> [Dataset entries]:

═══

(* Let $q$ be a prime power and $d$ an integer with $5\le d\le q$; put $n=q+1$. Let $\mathcal C$ be the $[q+1,q+2-d,d]_q$ normalized generalized doubly extended Reed--Solomon (GDRS) code. Let $\mathcal V^{(2)}$ be a coset of weight $2$ of $\mathcal C$ with coset leader $\mathbf v_2(j_1,j_2;\gamma_1,\gamma_2)$, and let $\beta$ be a primitive element of $\mathbb F_q$ and $\lambda_0\in\mathbb Z_{q-1}$ be such that $\beta^{\lambda_0}=-\gamma_2/\gamma_1$. Then the weight distribution of $\mathcal V^{(2)}$ does not depend on the positions $j_1,j_2$, and: (i) $B_w(\mathcal V^{(2)})=0$ for $w\in\{0,1,\dots,d-3\}\setminus\{2\}$; $B_2(\mathcal V^{(2)})=1$; $B_{d-2}(\mathcal V^{(2)})=\mathrm P^+_{q-1,d-2}(\lambda_0)=\mathrm P^\times_{q,d-2}(-\gamma_2/\gamma_1)$; and for $w=d-1,d,\dots,q+1$, $$B_w(\mathcal V^{(2)})=A_w(\mathcal C)-\Omega^{(0)}_w+\Omega^{(2)}_w+(-1)^{w-d}\binom{q+3-d}{q+1-w}\mathrm P^+_{q-1,d-2}(\lambda_0).$$ (ii) The value $\mathrm P^+_{q-1,d-2}(\lambda)$ is the same for all $\lambda\in\mathbb Z_{q-1}$ if and only if all $\binom{n}{2}(q-1)^2$ cosets of weight $2$ of $\mathcal C$ have the same weight distribution; and in that case, for every coset $\mathcal V^{(2)}$ of weight $2$: $B_w(\mathcal V^{(2)})=0$ for $w\in\{0,\dots,d-3\}\setminus\{2\}$, $B_2(\mathcal V^{(2)})=1$, $B_{d-2}(\mathcal V^{(2)})=\frac{1}{q-1}\binom{q-1}{d-2}=\frac{1}{d-2}\binom{q-2}{d-3}$, and for $w=d-1,\dots,q+1$, $$B_w(\mathcal V^{(2)})=A_w(\mathcal C)-\Omega^{(0)}_w+\Omega^{(2)}_w+(-1)^{w-d}\binom{q+3-d}{q+1-w}\cdot\frac{1}{q-1}\binom{q-1}{d-2}.$$ (iii) If $\gcd(q-1,d-2)=1$, then $\mathrm P^+_{q-1,d-2}(\lambda)$ is the same for all $\lambda\in\mathbb Z_{q-1}$, all $\binom n2(q-1)^2$ cosets of weight $2$ have the same weight distribution, all formulas of (ii) hold, the code $\mathcal C$ is $2$-regular, and $\frac{1}{q-1}\binom{q-1}{d-2}=\frac{1}{d-2}\binom{q-2}{d-3}$ is an integer.
   Context: Normalized GDRS code: the $\mathbb F_q$-linear code of length $q+1$ which is the kernel of the $(d-1)\times(q+1)$ parity check matrix whose first $q$ columns are $(1,m,m^2,\dots,m^{d-2})^{T}$ for $m$ running over all elements of $\mathbb F_q$ (the nonzero ones $m_1,\dots,m_{q-1}$ and then $m_q=0$) and whose last column is $(0,\dots,0,1)^{T}$; it is an MDS code with minimum distance $d$. A coset of a code $\mathcal C$ is $\mathbf v+\mathcal C$; its weight is the minimum Hamming weight of its vectors, and a coset leader is a vector of minimal weight. $\mathbf v_2(j_1,j_2;\gamma_1,\gamma_2)$ denotes the vector of $\mathbb F_q^{q+1}$ with entries $\gamma_1,\gamma_2\in\mathbb F_q^*$ in positions $j_1\ne j_2$ and zeros elsewhere. $B_w(\mathcal V)$ is the number of vectors of Hamming weight $w$ in the coset $\mathcal V$; $A_w(\mathcal C)$ is the number of codewords of weight $w$, given by $A_w(\mathcal C)=\binom{n}{w}\sum_{j=0}^{w-d}(-1)^j\binom wj(q^{w-d+1-j}-1)$ for $w\ge d$ and $0$ for $0<w<d$. Further $\Omega^{(0)}_w=(-1)^{w-d}\binom{q+1}{w}\binom{w-1}{d-2}$ and $\Omega^{(2)}_w=(-1)^{w-d}\binom{q-1}{w-2}\binom{w-3}{d-4}$. For positive integers $\mu<R$ and $\lambda\in\mathbb Z_R$ (integers mod $R$), $\mathrm P^+_{R,\mu}(\lambda)$ is the number of $\mu$-element subsets $\{\lambda_1,\dots,\lambda_\mu\}\subset\mathbb Z_R$ (distinct elements) with $\lambda_1+\dots+\lambda_\mu=\lambda$ in $\mathbb Z_R$. For $\mu<q-1$ and $\gamma\in\mathbb F_q^*$, $\mathrm P^\times_{q,\mu}(\gamma)$ is the number of $\mu$-element subsets $\{\alpha_1,\dots,\alpha_\mu\}\subset\mathbb F_q^*$ with $\alpha_1\cdots\alpha_\mu=\gamma$. A code is $2$-regular if for every $W\in\{0,1,2\}$ all cosets of weight $W$ have the same weight distribution. *)

theory Defs
  imports Complex_Main
begin
lemma euler_product:
  assumes f: "completely_multiplicative f" and less_1: "\<And>p. prime p \<Longrightarrow> \<bar>f p\<bar> < 1"
    and abs_summable: "summable (\<lambda>n. \<bar>f n\<bar>)"
  shows "euler_factor f has_prod (\<Sum>n. f n)"
proof -
  note partial = euler_partial_products_tendsto[OF assms]
  \<comment> \<open>A convergent product needs a nonzero limit; the partial products stay above
    \<open>exp (- \<Sum>n. \<bar>f n\<bar>)\<close>.\<close>
  have "exp (- (\<Sum>n. \<bar>f n\<bar>)) \<le> (\<Prod>n\<le>N. euler_factor f n)" for N
  proof -
    have "exp (- (\<Sum>n. \<bar>f n\<bar>)) \<le> exp (\<Sum>n\<le>N. - \<bar>f n\<bar>)"
      using sum_le_suminf[OF abs_summable, of "{..N}"] by (simp add: sum_negf)
    also have "\<dots> = (\<Prod>n\<le>N. exp (- \<bar>f n\<bar>))" by (simp add: exp_sum)
    also have "\<dots> \<le> (\<Prod>n\<le>N. euler_factor f n)"
      by (intro prod_mono) (auto simp: euler_factor_def exp_neg_abs_le_inverse_one_minus less_1)
    finally show ?thesis .
  qed
  then have "exp (- (\<Sum>n. \<bar>f n\<bar>)) \<le> (\<Sum>n. f n)"
    by (intro LIMSEQ_le_const[OF partial]) auto
  then have pos: "(\<Sum>n. f n) > 0"
    using exp_gt_zero[of "- (\<Sum>n. \<bar>f n\<bar>)"] by linarith
  have "euler_factor f n \<noteq> 0" for n
    using less_1[of n] by (auto simp: euler_factor_def)
  then have "convergent_prod (euler_factor f)"
    using partial pos by (subst convergent_prod_iff_nz_lim) auto
  then show "euler_factor f has_prod (\<Sum>n. f n)"
    by (rule convergent_prod_tendsto_imp_has_prod[OF _ partial])
qed

lemma completely_multiplicative_divide_powr:
  assumes "completely_multiplicative c"
  shows "completely_multiplicative (\<lambda>n. c n / real n powr s)"
  using assms unfolding completely_multiplicative_def by (simp add: powr_mult)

═══

> [What this task involves]:
All lines above between those holding "note partial = euler_partial_products_tendsto[OF" and "(\<lambda>n. c n", inclusive, must be set down unchanged, and no other line may be included.

> [Exercise response]:
  note partial = euler_partial_products_tendsto[OF assms]
  \<comment> \<open>A convergent product needs a nonzero limit; the partial products stay above
    \<open>exp (- \<Sum>n. \<bar>f n\<bar>)\<close>.\<close>
  have "exp (- (\<Sum>n. \<bar>f n\<bar>)) \<le> (\<Prod>n\<le>N. euler_factor f n)" for N
  proof -
    have "exp (- (\<Sum>n. \<bar>f n\<bar>)) \<le> exp (\<Sum>n\<le>N. - \<bar>f n\<bar>)"
      using sum_le_suminf[OF abs_summable, of "{..N}"] by (simp add: sum_negf)
    also have "\<dots> = (\<Prod>n\<le>N. exp (- \<bar>f n\<bar>))" by (simp add: exp_sum)
    also have "\<dots> \<le> (\<Prod>n\<le>N. euler_factor f n)"
      by (intro prod_mono) (auto simp: euler_factor_def exp_neg_abs_le_inverse_one_minus less_1)
    finally show ?thesis .
  qed
  then have "exp (- (\<Sum>n. \<bar>f n\<bar>)) \<le> (\<Sum>n. f n)"
    by (intro LIMSEQ_le_const[OF partial]) auto
  then have pos: "(\<Sum>n. f n) > 0"
    using exp_gt_zero[of "- (\<Sum>n. \<bar>f n\<bar>)"] by linarith
  have "euler_factor f n \<noteq> 0" for n
    using less_1[of n] by (auto simp: euler_factor_def)
  then have "convergent_prod (euler_factor f)"
    using partial pos by (subst convergent_prod_iff_nz_lim) auto
  then show "euler_factor f has_prod (\<Sum>n. f n)"
    by (rule convergent_prod_tendsto_imp_has_prod[OF _ partial])
qed

lemma completely_multiplicative_divide_powr:
  assumes "completely_multiplicative c"
  shows "completely_multiplicative (\<lambda>n. c n / real n powr s)"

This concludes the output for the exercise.